• [What is being asked]: Give back exactly the lines of the material below that start at the line containing "y\<^sup>2 - \<eta>" and end at the line containing "1 \<Longrightarrow> fst", and no others.

+===+

(* In the standing setting, if the step size satisfies $\eta\le\frac{1}{\kappa^2C_W}$, then for every $t\ge 0$ (with $f_1=0$), $\|f_{t+1}\|_K^2\le M^2C_W\,\eta\, t$ almost surely.
   Context: Standing setting: $\rho$ probability on $\mathcal X\times\mathcal Y$, $\mathcal Y\subseteq\mathbb R$, $|y|\le M$ a.s.; $K$ measurable symmetric positive semi-definite kernel with $\kappa=\sup_x\sqrt{K(x,x)}<\infty$, RKHS $\mathcal H_K$ with norm $\|\cdot\|_K$, $K_x=K(x,\cdot)$. $W:[0,\infty)\to\mathbb R$ with $W'_+(0)>0$, $W'(s)>0$ for $s>0$, $C_W:=\sup_{s>0}|W'(s)|<\infty$. Online algorithm: $z_t=(x_t,y_t)$ i.i.d. from $\rho$, $\sigma>0$, constant step size $\eta>0$, $f_1=0$, $f_{t+1}=f_t-\eta W'(\xi_{t,\sigma})(f_t(x_t)-y_t)K_{x_t}$, $\xi_{t,\sigma}=(y_t-f_t(x_t))^2/\sigma^2$. *)

theory Defs
  imports "HOL-Probability.Probability"
begin

text \<open>A coefficient list c (of length n) together with the sample path z represents
  the function  sum_{i<n} c!i * K_{x_{i+1}}  in H_K, where x_{i+1} = fst (z (i+1)).\<close>

definition kexp_eval :: "('x \<Rightarrow> 'x \<Rightarrow> real) \<Rightarrow> (nat \<Rightarrow> 'x \<times> real) \<Rightarrow> real list \<Rightarrow> 'x \<Rightarrow> real" where
  "kexp_eval K z c x = (\<Sum>i<length c. c ! i * K (fst (z (Suc i))) x)"

definition kexp_norm2 :: "('x \<Rightarrow> 'x \<Rightarrow> real) \<Rightarrow> (nat \<Rightarrow> 'x \<times> real) \<Rightarrow> real list \<Rightarrow> real" where
  "kexp_norm2 K z c = (\<Sum>i<length c. \<Sum>j<length c. c ! i * c ! j * K (fst (z (Suc i))) (fst (z (Suc j))))"

text \<open>Coefficients of the online iterate: ol_coef K W' sigma eta z n represents f_{n+1}
  (so n = 0 gives f_1 = 0), with
  f_{t+1} = f_t - eta W'(xi_t) (f_t(x_t) - y_t) K_{x_t}, xi_t = (y_t - f_t(x_t))^2 / sigma^2.\<close>
primrec ol_coef :: "('x \<Rightarrow> 'x \<Rightarrow> real) \<Rightarrow> (real \<Rightarrow> real) \<Rightarrow> real \<Rightarrow> real \<Rightarrow> (nat \<Rightarrow> 'x \<times> real) \<Rightarrow> nat \<Rightarrow> real list" where
  "ol_coef K W' \<sigma> \<eta> z 0 = []"
| "ol_coef K W' \<sigma> \<eta> z (Suc n) =
     (let c = ol_coef K W' \<sigma> \<eta> z n;
          x = fst (z (Suc n)); y = snd (z (Suc n));
          ft = kexp_eval K z c x;
          \<xi> = (y - ft)\<^sup>2 / \<sigma>\<^sup>2
      in c @ [- \<eta> * W' \<xi> * (ft - y)])"

definition kappa :: "'x measure \<Rightarrow> ('x \<Rightarrow> 'x \<Rightarrow> real) \<Rightarrow> real" where
  "kappa X K = (SUP x\<in>space X. sqrt (K x x))"

definition C_W :: "(real \<Rightarrow> real) \<Rightarrow> real" where
  "C_W W' = (SUP s\<in>{0<..}. \<bar>W' s\<bar>)"

end

theory Submission
  imports Defs
begin

text \<open>Write the online update as \<open>f\<^sub>t\<^sub>+\<^sub>1 = f\<^sub>t + a K\<^sub>x\<close> with \<open>a = -\<eta> w (f\<^sub>t(x) - y)\<close> and
  \<open>w = W'(\<xi>) \<le> C\<^sub>W\<close>. By the reproducing property
  \<open>\<parallel>f\<^sub>t\<^sub>+\<^sub>1\<parallel>\<^sup>2 - \<parallel>f\<^sub>t\<parallel>\<^sup>2 = 2 a f\<^sub>t(x) + a\<^sup>2 K(x,x) = \<eta> w (y\<^sup>2 - f\<^sub>t(x)\<^sup>2) - \<eta> w (f\<^sub>t(x) - y)\<^sup>2 (1 - \<eta> w K(x,x))\<close>,
  and the step-size condition \<open>\<eta> w K(x,x) \<le> \<eta> C\<^sub>W \<kappa>\<^sup>2 \<le> 1\<close> makes the last term nonpositive,
  so every step adds at most \<open>\<eta> C\<^sub>W M\<^sup>2\<close>. The only probabilistic input is that almost surely
  all samples lie in \<open>space X\<close> and satisfy \<open>\<bar>y\<bar> \<le> M\<close>.\<close>

lemma length_ol_coef [simp]: "length (ol_coef K W' \<sigma> \<eta> z n) = n"
  by (induction n) (simp_all add: Let_def)

lemma kexp_norm2_snoc:
  assumes in_S: "\<And>i. i \<le> length c \<Longrightarrow> fst (z (Suc i)) \<in> S"
    and K_sym: "\<And>x x'. x \<in> S \<Longrightarrow> x' \<in> S \<Longrightarrow> K x x' = K x' x"
  defines "x \<equiv> fst (z (Suc (length c)))"
  shows "kexp_norm2 K z (c @ [a])
           = kexp_norm2 K z c + 2 * a * kexp_eval K z c x + a\<^sup>2 * K x x"
proof -
  let ?n = "length c" and ?x = "\<lambda>i. fst (z (Suc i))"
  have cross: "(\<Sum>j<?n. a * c ! j * K x (?x j)) = a * kexp_eval K z c x"
    using in_S K_sym by (auto simp: kexp_eval_def x_def sum_distrib_left mult.assoc intro!: sum.cong)
  have "kexp_norm2 K z (c @ [a])
      = (\<Sum>i<?n. (\<Sum>j<?n. c ! i * c ! j * K (?x i) (?x j)) + c ! i * a * K (?x i) x)
        + ((\<Sum>j<?n. a * c ! j * K x (?x j)) + a * a * K x x)"
    by (simp add: kexp_norm2_def nth_append x_def)
  also have "\<dots> = kexp_norm2 K z c + 2 * a * kexp_eval K z c x + a\<^sup>2 * K x x"
    unfolding cross
    by (simp add: kexp_norm2_def kexp_eval_def sum.distrib sum_distrib_left power2_eq_square
        algebra_simps)
  finally show ?thesis .
qed

lemma online_step_increment_le:
  fixes \<eta> w k a y :: real
  assumes "0 \<le> \<eta> * w" and "\<eta> * w * k \<le> 1"
  shows "2 * (- \<eta> * w * (a - y)) * a + (- \<eta> * w * (a - y))\<^sup>2 * k \<le> \<eta> * w * y\<^sup>2"
proof -
  have "2 * (- \<eta> * w * (a - y)) * a + (- \<eta> * w * (a - y))\<^sup>2 * k
      = \<eta> * w * y\<^sup>2 - \<eta> * w * a\<^sup>2 - \<eta> * w * (a - y)\<^sup>2 * (1 - \<eta> * w * k)"
    by (simp add: power2_eq_square algebra_simps)
  moreover have "0 \<le> \<eta> * w * a\<^sup>2" "0 \<le> \<eta> * w * (a - y)\<^sup>2 * (1 - \<eta> * w * k)"
    using assms by simp_all
  ultimately show ?thesis by linarith
qed

lemma kexp_norm2_ol_coef_le:
  fixes z :: "nat \<Rightarrow> 'x \<times> real"
  assumes in_S: "\<And>i. i \<ge> 1 \<Longrightarrow> fst (z i) \<in> S"
    and y_bounded: "\<And>i. i \<ge> 1 \<Longrightarrow> \<bar>snd (z i)\<bar> \<le> M"
    and K_sym: "\<And>x x'. x \<in> S \<Longrightarrow> x' \<in> S \<Longrightarrow> K x x' = K x' x"
    and K_diag: "\<And>x. x \<in> S \<Longrightarrow> 0 \<le> K x x \<and> K x x \<le> k"
    and W'_bounds: "\<And>s. s > 0 \<Longrightarrow> 0 \<le> W' s \<and> W' s \<le> C"
    and "\<sigma> > 0" and "\<eta> > 0" and step: "\<eta> * k * C \<le> 1"
  shows "kexp_norm2 K z (ol_coef K W' \<sigma> \<eta> z n) \<le> M\<^sup>2 * C * \<eta> * real n"
proof (induction n)
  case 0
  then show ?case by (simp add: kexp_norm2_def)
next
  case (Suc n)
  define c where "c = ol_coef K W' \<sigma> \<eta> z n"
  define x where "x = fst (z (Suc n))"
  define y where "y = snd (z (Suc n))"
  define a where "a = kexp_eval K z c x"
  define w where "w = W' ((y - a)\<^sup>2 / \<sigma>\<^sup>2)"
  have "ol_coef K W' \<sigma> \<eta> z (Suc n) = c @ [- \<eta> * w * (a - y)]"
    by (simp add: c_def x_def y_def a_def w_def Let_def)
  then have norm_eq: "kexp_norm2 K z (ol_coef K W' \<sigma> \<eta> z (Suc n))
      = kexp_norm2 K z c + (2 * (- \<eta> * w * (a - y)) * a + (- \<eta> * w * (a - y))\<^sup>2 * K x x)"
    using kexp_norm2_snoc[of c z S K] in_S K_sym by (simp add: c_def a_def x_def)
  have "0 \<le> C" using W'_bounds[of 1] by simp
  have "2 * (- \<eta> * w * (a - y)) * a + (- \<eta> * w * (a - y))\<^sup>2 * K x x \<le> M\<^sup>2 * C * \<eta>"
  proof (cases "a = y")
    \<comment> \<open>\<open>W' 0\<close> is not bounded by \<open>C\<close>, but it only occurs when the residual vanishes\<close>
    case True
    then show ?thesis using \<open>0 \<le> C\<close> \<open>\<eta> > 0\<close> by simp
  next
    case False
    then have w: "0 \<le> w" "w \<le> C"
      using W'_bounds \<open>\<sigma> > 0\<close> by (auto simp: w_def)
    have Kxx: "0 \<le> K x x" "K x x \<le> k" using K_diag in_S by (auto simp: x_def)
    have "\<eta> * w * K x x \<le> \<eta> * C * k"
      using w Kxx \<open>\<eta> > 0\<close> by (intro mult_mono) auto
    also have "\<dots> \<le> 1" using step by (simp add: mult_ac)
    finally have "2 * (- \<eta> * w * (a - y)) * a + (- \<eta> * w * (a - y))\<^sup>2 * K x x \<le> \<eta> * w * y\<^sup>2"
      using w \<open>\<eta> > 0\<close> by (intro online_step_increment_le) simp_all
    also have "\<dots> \<le> \<eta> * C * M\<^sup>2"
      using w \<open>\<eta> > 0\<close> y_bounded[of "Suc n"] abs_le_square_iff[of y M]
      by (intro mult_mono) (auto simp: y_def)
    finally show ?thesis by (simp add: algebra_simps)
  qed
  moreover have "kexp_norm2 K z c \<le> M\<^sup>2 * C * \<eta> * real n" using Suc.IH by (simp add: c_def)
  ultimately show ?case unfolding norm_eq by (simp add: algebra_simps)
qed

lemma AE_all_identically_distributed:
  assumes "countable I"
    and measurable: "\<And>i. i \<in> I \<Longrightarrow> Z i \<in> measurable P \<rho>"
    and distributed: "\<And>i. i \<in> I \<Longrightarrow> distr P \<rho> (Z i) = \<rho>"
    and "AE z in \<rho>. Q z"
  shows "AE \<omega> in P. \<forall>i\<in>I. Q (Z i \<omega>)"
proof (rule AE_ball_countable')
  fix i assume "i \<in> I"
  then show "AE \<omega> in P. Q (Z i \<omega>)"
    using AE_distrD[OF measurable] distributed \<open>AE z in \<rho>. Q z\<close> by metis
qed fact

lemma diag_le_kappa_squared:
  assumes "bdd_above ((\<lambda>x. sqrt (K x x)) ` space X)" and "x \<in> space X" and "0 \<le> K x x"
  shows "K x x \<le> (kappa X K)\<^sup>2"
proof -
  have "sqrt (K x x) \<le> kappa X K"
    unfolding kappa_def using assms by (intro cSUP_upper) auto
  then show ?thesis using \<open>0 \<le> K x x\<close> by (metis real_sqrt_le_iff real_sqrt_unique sqrt_le_D)
qed

lemma le_C_W:
  assumes "bdd_above ((\<lambda>s. \<bar>W' s\<bar>) ` {0<..})" and "s > 0"
  shows "W' s \<le> C_W W'"
proof -
  have "\<bar>W' s\<bar> \<le> C_W W'" unfolding C_W_def using assms by (intro cSUP_upper) auto
  then show ?thesis by simp
qed

theorem proposition2:
  fixes X :: "'x measure" and \<rho> :: "('x \<times> real) measure"
    and P :: "'w measure" and Z :: "nat \<Rightarrow> 'w \<Rightarrow> 'x \<times> real"
    and K :: "'x \<Rightarrow> 'x \<Rightarrow> real"
    and W W' :: "real \<Rightarrow> real"
    and M \<sigma> \<eta> :: real and t :: nat
  assumes rho: "prob_space \<rho>" "sets \<rho> = sets (X \<Otimes>\<^sub>M borel)"
    and bounded_y: "AE z in \<rho>. \<bar>snd z\<bar> \<le> M"
    and K_meas: "case_prod K \<in> borel_measurable (X \<Otimes>\<^sub>M X)"
    and K_sym: "\<And>x x'. x \<in> space X \<Longrightarrow> x' \<in> space X \<Longrightarrow> K x x' = K x' x"
    and K_psd: "\<And>xs cs. set xs \<subseteq> space X \<Longrightarrow> length cs = length xs \<Longrightarrow>
                  0 \<le> (\<Sum>i<length xs. \<Sum>j<length xs. cs ! i * cs ! j * K (xs ! i) (xs ! j))"
    and kappa_fin: "bdd_above ((\<lambda>x. sqrt (K x x)) ` space X)"
    and W_deriv0: "(W has_real_derivative W' 0) (at_right 0)" and W'0: "W' 0 > 0"
    and W_deriv: "\<And>s. s > 0 \<Longrightarrow> (W has_real_derivative W' s) (at s)"
    and W'_pos: "\<And>s. s > 0 \<Longrightarrow> W' s > 0"
    and CW_fin: "bdd_above ((\<lambda>s. \<bar>W' s\<bar>) ` {0<..})"
    and P: "prob_space P"
    and iid: "prob_space.indep_vars P (\<lambda>_. \<rho>) Z {1..}" "\<And>i. i \<ge> 1 \<Longrightarrow> distr P \<rho> (Z i) = \<rho>"
    and sigma: "\<sigma> > 0" and eta: "\<eta> > 0"
    and step: "\<eta> * (kappa X K)\<^sup>2 * C_W W' \<le> 1"
  shows "AE \<omega> in P. kexp_norm2 K (\<lambda>i. Z i \<omega>) (ol_coef K W' \<sigma> \<eta> (\<lambda>i. Z i \<omega>) t)
                      \<le> M\<^sup>2 * C_W W' * \<eta> * real t"
proof -
  have "\<And>i. i \<in> {1..} \<Longrightarrow> Z i \<in> measurable P \<rho>"
    using iid(1) unfolding prob_space.indep_vars_def2[OF P] by auto
  moreover have "AE z in \<rho>. z \<in> space \<rho> \<and> \<bar>snd z\<bar> \<le> M"
    using bounded_y by (simp add: AE_space)
  ultimately have "AE \<omega> in P. \<forall>i\<in>{1..}. Z i \<omega> \<in> space \<rho> \<and> \<bar>snd (Z i \<omega>)\<bar> \<le> M"
    using iid(2) by (intro AE_all_identically_distributed) auto
  moreover have "space \<rho> = space X \<times> UNIV"
    using sets_eq_imp_space_eq[OF rho(2)] by (simp add: space_pair_measure)
  moreover have "0 \<le> K x x" if "x \<in> space X" for x
    using K_psd[of "[x]" "[1]"] that by simp
  ultimately show ?thesis
  proof (elim AE_mp, intro AE_I2 impI)
    fix \<omega> assume "\<forall>i\<in>{1..}. Z i \<omega> \<in> space \<rho> \<and> \<bar>snd (Z i \<omega>)\<bar> \<le> M"
    then show "kexp_norm2 K (\<lambda>i. Z i \<omega>) (ol_coef K W' \<sigma> \<eta> (\<lambda>i. Z i \<omega>) t)
                 \<le> M\<^sup>2 * C_W W' * \<eta> * real t"
      using \<open>space \<rho> = space X \<times> UNIV\<close> \<open>\<And>x. x \<in> space X \<Longrightarrow> 0 \<le> K x x\<close>
        diag_le_kappa_squared[where K = K, OF kappa_fin] le_C_W[OF CW_fin] W'_pos K_sym sigma eta step
      by (intro kexp_norm2_ol_coef_le[where S = "space X"]) (auto simp: less_imp_le mem_Times_iff)
  qed
qed

end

+===+

• [Written answer]:
      = \<eta> * w * y\<^sup>2 - \<eta> * w * a\<^sup>2 - \<eta> * w * (a - y)\<^sup>2 * (1 - \<eta> * w * k)"
    by (simp add: power2_eq_square algebra_simps)
  moreover have "0 \<le> \<eta> * w * a\<^sup>2" "0 \<le> \<eta> * w * (a - y)\<^sup>2 * (1 - \<eta> * w * k)"
    using assms by simp_all
  ultimately show ?thesis by linarith
qed

lemma kexp_norm2_ol_coef_le:
  fixes z :: "nat \<Rightarrow> 'x \<times> real"
  assumes in_S: "\<And>i. i \<ge> 1 \<Longrightarrow> fst (z i) \<in> S"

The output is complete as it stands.